*** Opening of Data shown ***

(* Let $(a_n)_{\mathrm c}=[a_{n\varepsilon}]_{\mathrm c}=[\hat a_{n\varepsilon}]_{\mathrm c}\in\widetilde{\mathbb C}_{\mathrm c}$, $z=[z_\varepsilon]=[\hat z_\varepsilon]\in\widetilde{\mathbb C}$ and $c=[c_\varepsilon]=[\hat c_\varepsilon]\in\widetilde{\mathbb C}$, and assume $z\in S((a_n)_{\mathrm c},c)$. Then: (i) the representatives $(a_{n\varepsilon})_{n,\varepsilon}$, $(z_\varepsilon)$, $(c_\varepsilon)$ (and likewise any other choice of representatives) satisfy all the conditions (a), (b), (c) in the definition of the set of convergence; (ii) $[a_{n\varepsilon}(z_\varepsilon-c_\varepsilon)^n]_{\mathrm s}=[\hat a_{n\varepsilon}(\hat z_\varepsilon-\hat c_\varepsilon)^n]_{\mathrm s}$ in $\widetilde{\mathbb C}_{\mathrm s}$.
   Context: Fix $I=(0,1]$ and a gauge $\rho=(\rho_\varepsilon)_{\varepsilon\in I}$ with $\rho_\varepsilon\in I$ and $\rho_\varepsilon\to0$ as $\varepsilon\to0$. "$\forall^0\varepsilon$" means "for all sufficiently small $\varepsilon\in I$". A net $(x_\varepsilon)\in\mathbb C^I$ is $\rho$-moderate ($(x_\varepsilon)\in\mathbb C_\rho$) if $\exists N\in\mathbb N\,\forall^0\varepsilon:|x_\varepsilon|\le\rho_\varepsilon^{-N}$, and $\rho$-negligible if $\forall q\in\mathbb N\,\forall^0\varepsilon:|x_\varepsilon|\le\rho_\varepsilon^q$. $\widetilde{\mathbb C}:=\mathbb C_\rho/\{\text{negligible nets}\}$ with classes $[x_\varepsilon]$; $\widetilde{\mathbb R}\subseteq\widetilde{\mathbb C}$ consists of classes of real moderate nets; $\mathrm d\rho:=[\rho_\varepsilon]$, $|[z_\varepsilon]|:=[|z_\varepsilon|]$. On $\widetilde{\mathbb R}$: $[x_\varepsilon]\le[y_\varepsilon]$ iff $x_\varepsilon\le y_\varepsilon+z_\varepsilon$ $\forall^0\varepsilon$ for some negligible $(z_\varepsilon)$; $x<y$ iff $\exists m\,\forall^0\varepsilon:y_\varepsilon-x_\varepsilon>\rho_\varepsilon^m$. Hypernatural numbers: $\widetilde{\mathbb N}:=\{[n_\varepsilon]\in\widetilde{\mathbb R}:n_\varepsilon\in\mathbb N\ \forall\varepsilon\}$; for each $N\in\widetilde{\mathbb N}$ a representative $(\mathrm{ni}(N)_\varepsilon)$ with all $\mathrm{ni}(N)_\varepsilon\in\mathbb N$ is fixed. Hyperlimit: $l=\lim_{n\in\widetilde{\mathbb N}}a_n$ means $\forall q\,\exists M\in\widetilde{\mathbb N}\,\forall n\in\widetilde{\mathbb N}:n\ge M\Rightarrow|a_n-l|<\mathrm d\rho^q$. Hyperseries: a net $(a_{n\varepsilon})_{n\in\mathbb N,\varepsilon\in I}$ is moderate over hypersums if for every $N\in\widetilde{\mathbb N}$ the net $(\sum_{n=0}^{\mathrm{ni}(N)_\varepsilon}a_{n\varepsilon})_\varepsilon$ is $\rho$-moderate; two such nets are equivalent if for all $N,M\in\widetilde{\mathbb N}$ the net $(\sum_{n=\mathrm{ni}(N)_\varepsilon}^{\mathrm{ni}(M)_\varepsilon}(a_{n\varepsilon}-\bar a_{n\varepsilon}))_\varepsilon$ is negligible; the quotient is $\widetilde{\mathbb C}_{\mathrm s}$ with classes $[a_{n\varepsilon}]_{\mathrm s}$. $\sum_{n=N}^Ma_n:=[\sum_{n=\mathrm{ni}(N)_\varepsilon}^{\mathrm{ni}(M)_\varepsilon}a_{n\varepsilon}]$, and $\sum_{n\in\widetilde{\mathbb N}}a_n:=\lim_{N\in\widetilde{\mathbb N}}\sum_{n=0}^Na_n$ when this hyperlimit exists (convergence). Coefficients: $\widetilde{\mathbb C}_{\mathrm c}$ is the set of weakly $\rho$-moderate nets $(a_{n\varepsilon})$ ($\exists Q,R\in\mathbb N\,\forall^0\varepsilon\,\forall n\in\mathbb N:|a_{n\varepsilon}|\le\rho_\varepsilon^{-nQ-R}$) modulo strong equivalence ($\forall q,r\,\forall^0\varepsilon\,\forall n:|a_{n\varepsilon}-\bar a_{n\varepsilon}|\le\rho_\varepsilon^{nq+r}$), classes $(a_n)_{\mathrm c}=[a_{n\varepsilon}]_{\mathrm c}$. $\widetilde{\mathbb R}_\infty:=(\mathbb R\cup\{\pm\infty\})^I/\sim_\rho$ (same negligibility relation), ordered by $x\le y$ iff some representatives satisfy $x_\varepsilon\le y_\varepsilon$ $\forall^0\varepsilon$, and for $x\in\widetilde{\mathbb R}$, $x<y$ iff $\exists m\,\forall^0\varepsilon:y_\varepsilon>x_\varepsilon+\rho_\varepsilon^m$. Radius: $\mathrm{rad}(a_n)_{\mathrm c}:=[(\limsup_n|a_{n\varepsilon}|^{1/n})^{-1}]\in\widetilde{\mathbb R}_\infty$. Set of convergence: $S((a_n)_{\mathrm c},c)$ is the set of $z\in\widetilde{\mathbb C}$ with $|z-c|<\mathrm{rad}(a_n)_{\mathrm c}$ for which there exist representatives $z=[z_\varepsilon]$, $c=[c_\varepsilon]$, $(a_n)_{\mathrm c}=[a_{n\varepsilon}]_{\mathrm c}$ such that: (a) the net $(a_{n\varepsilon}(z_\varepsilon-c_\varepsilon)^n)_{n,\varepsilon}$ is moderate over hypersums (its class $(a_n(z-c)^n)_n\in\widetilde{\mathbb C}_{\mathrm s}$ is called a formal hyperpower series); (b) the hyperseries $\sum_{n\in\widetilde{\mathbb N}}a_n(z-c)^n$ converges and equals $[\sum_{n=0}^{\infty}a_{n\varepsilon}(z_\varepsilon-c_\varepsilon)^n]$ (these ordinary series converging for small $\varepsilon$ to a moderate net); (c) for every representative $z=[\hat z_\varepsilon]$, the net $(\sum_{n\ge1}na_{n\varepsilon}(\hat z_\varepsilon-c_\varepsilon)^{n-1})_\varepsilon$ is $\rho$-moderate. *)

theory Defs
  imports "HOL-Analysis.Analysis" "HOL-Library.Extended_Real"
begin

*** Close of Data shown ***

Exercise prompt >> Write down all of the records again, word for word.

Problem solution >>
(* Let $(a_n)_{\mathrm c}=[a_{n\varepsilon}]_{\mathrm c}=[\hat a_{n\varepsilon}]_{\mathrm c}\in\widetilde{\mathbb C}_{\mathrm c}$, $z=[z_\varepsilon]=[\hat z_\varepsilon]\in\widetilde{\mathbb C}$ and $c=[c_\varepsilon]=[\hat c_\varepsilon]\in\widetilde{\mathbb C}$, and assume $z\in S((a_n)_{\mathrm c},c)$. Then: (i) the representatives $(a_{n\varepsilon})_{n,\varepsilon}$, $(z_\varepsilon)$, $(c_\varepsilon)$ (and likewise any other choice of representatives) satisfy all the conditions (a), (b), (c) in the definition of the set of convergence; (ii) $[a_{n\varepsilon}(z_\varepsilon-c_\varepsilon)^n]_{\mathrm s}=[\hat a_{n\varepsilon}(\hat z_\varepsilon-\hat c_\varepsilon)^n]_{\mathrm s}$ in $\widetilde{\mathbb C}_{\mathrm s}$.
   Context: Fix $I=(0,1]$ and a gauge $\rho=(\rho_\varepsilon)_{\varepsilon\in I}$ with $\rho_\varepsilon\in I$ and $\rho_\varepsilon\to0$ as $\varepsilon\to0$. "$\forall^0\varepsilon$" means "for all sufficiently small $\varepsilon\in I$". A net $(x_\varepsilon)\in\mathbb C^I$ is $\rho$-moderate ($(x_\varepsilon)\in\mathbb C_\rho$) if $\exists N\in\mathbb N\,\forall^0\varepsilon:|x_\varepsilon|\le\rho_\varepsilon^{-N}$, and $\rho$-negligible if $\forall q\in\mathbb N\,\forall^0\varepsilon:|x_\varepsilon|\le\rho_\varepsilon^q$. $\widetilde{\mathbb C}:=\mathbb C_\rho/\{\text{negligible nets}\}$ with classes $[x_\varepsilon]$; $\widetilde{\mathbb R}\subseteq\widetilde{\mathbb C}$ consists of classes of real moderate nets; $\mathrm d\rho:=[\rho_\varepsilon]$, $|[z_\varepsilon]|:=[|z_\varepsilon|]$. On $\widetilde{\mathbb R}$: $[x_\varepsilon]\le[y_\varepsilon]$ iff $x_\varepsilon\le y_\varepsilon+z_\varepsilon$ $\forall^0\varepsilon$ for some negligible $(z_\varepsilon)$; $x<y$ iff $\exists m\,\forall^0\varepsilon:y_\varepsilon-x_\varepsilon>\rho_\varepsilon^m$. Hypernatural numbers: $\widetilde{\mathbb N}:=\{[n_\varepsilon]\in\widetilde{\mathbb R}:n_\varepsilon\in\mathbb N\ \forall\varepsilon\}$; for each $N\in\widetilde{\mathbb N}$ a representative $(\mathrm{ni}(N)_\varepsilon)$ with all $\mathrm{ni}(N)_\varepsilon\in\mathbb N$ is fixed. Hyperlimit: $l=\lim_{n\in\widetilde{\mathbb N}}a_n$ means $\forall q\,\exists M\in\widetilde{\mathbb N}\,\forall n\in\widetilde{\mathbb N}:n\ge M\Rightarrow|a_n-l|<\mathrm d\rho^q$. Hyperseries: a net $(a_{n\varepsilon})_{n\in\mathbb N,\varepsilon\in I}$ is moderate over hypersums if for every $N\in\widetilde{\mathbb N}$ the net $(\sum_{n=0}^{\mathrm{ni}(N)_\varepsilon}a_{n\varepsilon})_\varepsilon$ is $\rho$-moderate; two such nets are equivalent if for all $N,M\in\widetilde{\mathbb N}$ the net $(\sum_{n=\mathrm{ni}(N)_\varepsilon}^{\mathrm{ni}(M)_\varepsilon}(a_{n\varepsilon}-\bar a_{n\varepsilon}))_\varepsilon$ is negligible; the quotient is $\widetilde{\mathbb C}_{\mathrm s}$ with classes $[a_{n\varepsilon}]_{\mathrm s}$. $\sum_{n=N}^Ma_n:=[\sum_{n=\mathrm{ni}(N)_\varepsilon}^{\mathrm{ni}(M)_\varepsilon}a_{n\varepsilon}]$, and $\sum_{n\in\widetilde{\mathbb N}}a_n:=\lim_{N\in\widetilde{\mathbb N}}\sum_{n=0}^Na_n$ when this hyperlimit exists (convergence). Coefficients: $\widetilde{\mathbb C}_{\mathrm c}$ is the set of weakly $\rho$-moderate nets $(a_{n\varepsilon})$ ($\exists Q,R\in\mathbb N\,\forall^0\varepsilon\,\forall n\in\mathbb N:|a_{n\varepsilon}|\le\rho_\varepsilon^{-nQ-R}$) modulo strong equivalence ($\forall q,r\,\forall^0\varepsilon\,\forall n:|a_{n\varepsilon}-\bar a_{n\varepsilon}|\le\rho_\varepsilon^{nq+r}$), classes $(a_n)_{\mathrm c}=[a_{n\varepsilon}]_{\mathrm c}$. $\widetilde{\mathbb R}_\infty:=(\mathbb R\cup\{\pm\infty\})^I/\sim_\rho$ (same negligibility relation), ordered by $x\le y$ iff some representatives satisfy $x_\varepsilon\le y_\varepsilon$ $\forall^0\varepsilon$, and for $x\in\widetilde{\mathbb R}$, $x<y$ iff $\exists m\,\forall^0\varepsilon:y_\varepsilon>x_\varepsilon+\rho_\varepsilon^m$. Radius: $\mathrm{rad}(a_n)_{\mathrm c}:=[(\limsup_n|a_{n\varepsilon}|^{1/n})^{-1}]\in\widetilde{\mathbb R}_\infty$. Set of convergence: $S((a_n)_{\mathrm c},c)$ is the set of $z\in\widetilde{\mathbb C}$ with $|z-c|<\mathrm{rad}(a_n)_{\mathrm c}$ for which there exist representatives $z=[z_\varepsilon]$, $c=[c_\varepsilon]$, $(a_n)_{\mathrm c}=[a_{n\varepsilon}]_{\mathrm c}$ such that: (a) the net $(a_{n\varepsilon}(z_\varepsilon-c_\varepsilon)^n)_{n,\varepsilon}$ is moderate over hypersums (its class $(a_n(z-c)^n)_n\in\widetilde{\mathbb C}_{\mathrm s}$ is called a formal hyperpower series); (b) the hyperseries $\sum_{n\in\widetilde{\mathbb N}}a_n(z-c)^n$ converges and equals $[\sum_{n=0}^{\infty}a_{n\varepsilon}(z_\varepsilon-c_\varepsilon)^n]$ (these ordinary series converging for small $\varepsilon$ to a moderate net); (c) for every representative $z=[\hat z_\varepsilon]$, the net $(\sum_{n\ge1}na_{n\varepsilon}(\hat z_\varepsilon-c_\varepsilon)^{n-1})_\varepsilon$ is $\rho$-moderate. *)

theory Defs
  imports "HOL-Analysis.Analysis" "HOL-Library.Extended_Real"
begin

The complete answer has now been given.